*DATA UNDER STUDY:*
# # # # # # #
lemma expected_OPT_le_greedy_progress:
  assumes p_nonneg: "\<And>j. p j \<ge> 0" and p_sum: "(\<Sum>j\<in>UNIV. p j) = 1"
    and mono: "\<And>i. i < n \<Longrightarrow> monotone_val (w i)"
    and dr: "\<And>i. i < n \<Longrightarrow> diminishing_returns (w i)"
    and greedy: "is_greedy_rule w n ch"
  shows "expect_iid p m (\<lambda>xs. OPT_of w n (mset_of xs))
       \<le> greedy_welfare w n ch h + real m * (\<Sum>x\<in>UNIV. p x * greedy_gain w ch h x)"
proof -
  have n: "n > 0" using greedy_rule_agent[OF greedy] by fastforce
  have "expect_iid p m (\<lambda>xs. OPT_of w n (mset_of xs))
      \<le> expect_iid p m (\<lambda>ys. greedy_welfare w n ch h + sum_list (map (greedy_gain w ch h) ys))"
    unfolding greedy_welfare_def
    by (intro expect_iid_mono p_nonneg OPT_of_marginal_bound[OF n mono dr]
        greedy_gain_maximal[OF greedy])
  also have "\<dots> = greedy_welfare w n ch h + real m * (\<Sum>x\<in>UNIV. p x * greedy_gain w ch h x)"
    by (simp add: expect_iid_add expect_iid_const[OF p_sum] expect_iid_sum_list[OF p_sum])
  finally show ?thesis .
qed

section \<open>Solving the recurrence\<close>

text \<open>A nonnegative sequence that closes a 1/m fraction of its gap to B in every step
  reaches (1 - 1/e) B after m steps.\<close>
lemma recurrence_one_minus_inv_e:
  fixes g :: "nat \<Rightarrow> real"
  assumes step: "\<And>t. B \<le> g t + real m * (g (Suc t) - g t)"
    and g0: "0 \<le> g 0" and gm: "0 \<le> g m"
  shows "(1 - exp (-1)) * B \<le> g m"
proof (cases "B \<ge> 0")
  case False
  then have "(1 - exp (-1)) * B \<le> 0" by (intro mult_nonneg_nonpos) simp_all
  then show ?thesis using gm by linarith
next
  case B: True
  show ?thesis
  proof (cases "m = 0")
    case True
    then have "B \<le> g m" using step[of 0] by simp
    moreover have "(1 - exp (-1)) * B \<le> B" using B by (simp add: mult_left_le_one_le)
    ultimately show ?thesis by linarith
  next
    case False
    define r where "r = 1 - 1 / real m"
    have r: "0 \<le> r" using False by (simp add: r_def)
    have gap: "B - g t \<le> r ^ t * (B - g 0)" for t
    proof (induction t)
      case (Suc t)
      have "B - g (Suc t) \<le> r * (B - g t)"
        using step[of t] False by (simp add: r_def field_simps)
      also have "\<dots> \<le> r * (r ^ t * (B - g 0))" by (rule mult_left_mono[OF Suc r])
      finally show ?case by simp
    qed simp
    have "r ^ m * (B - g 0) \<le> r ^ m * B"
      using g0 r by (simp add: mult_left_mono)
    also have "\<dots> \<le> exp (-1) * B"
      using exp_ge_one_minus_x_over_n_power_n[of 1 m] False B
      by (intro mult_right_mono) (simp_all add: r_def)
    finally show ?thesis using gap[of m] by (simp add: algebra_simps)
  qed
qed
# # # # # # #
*REQUIRED WORK:* Go through the material above and copy each line that has the word "lambda".

*TASK ANSWER:*
  shows "expect_iid p m (\<lambda>xs. OPT_of w n (mset_of xs))
  have "expect_iid p m (\<lambda>xs. OPT_of w n (mset_of xs))
      \<le> expect_iid p m (\<lambda>ys. greedy_welfare w n ch h + sum_list (map (greedy_gain w ch h) ys))"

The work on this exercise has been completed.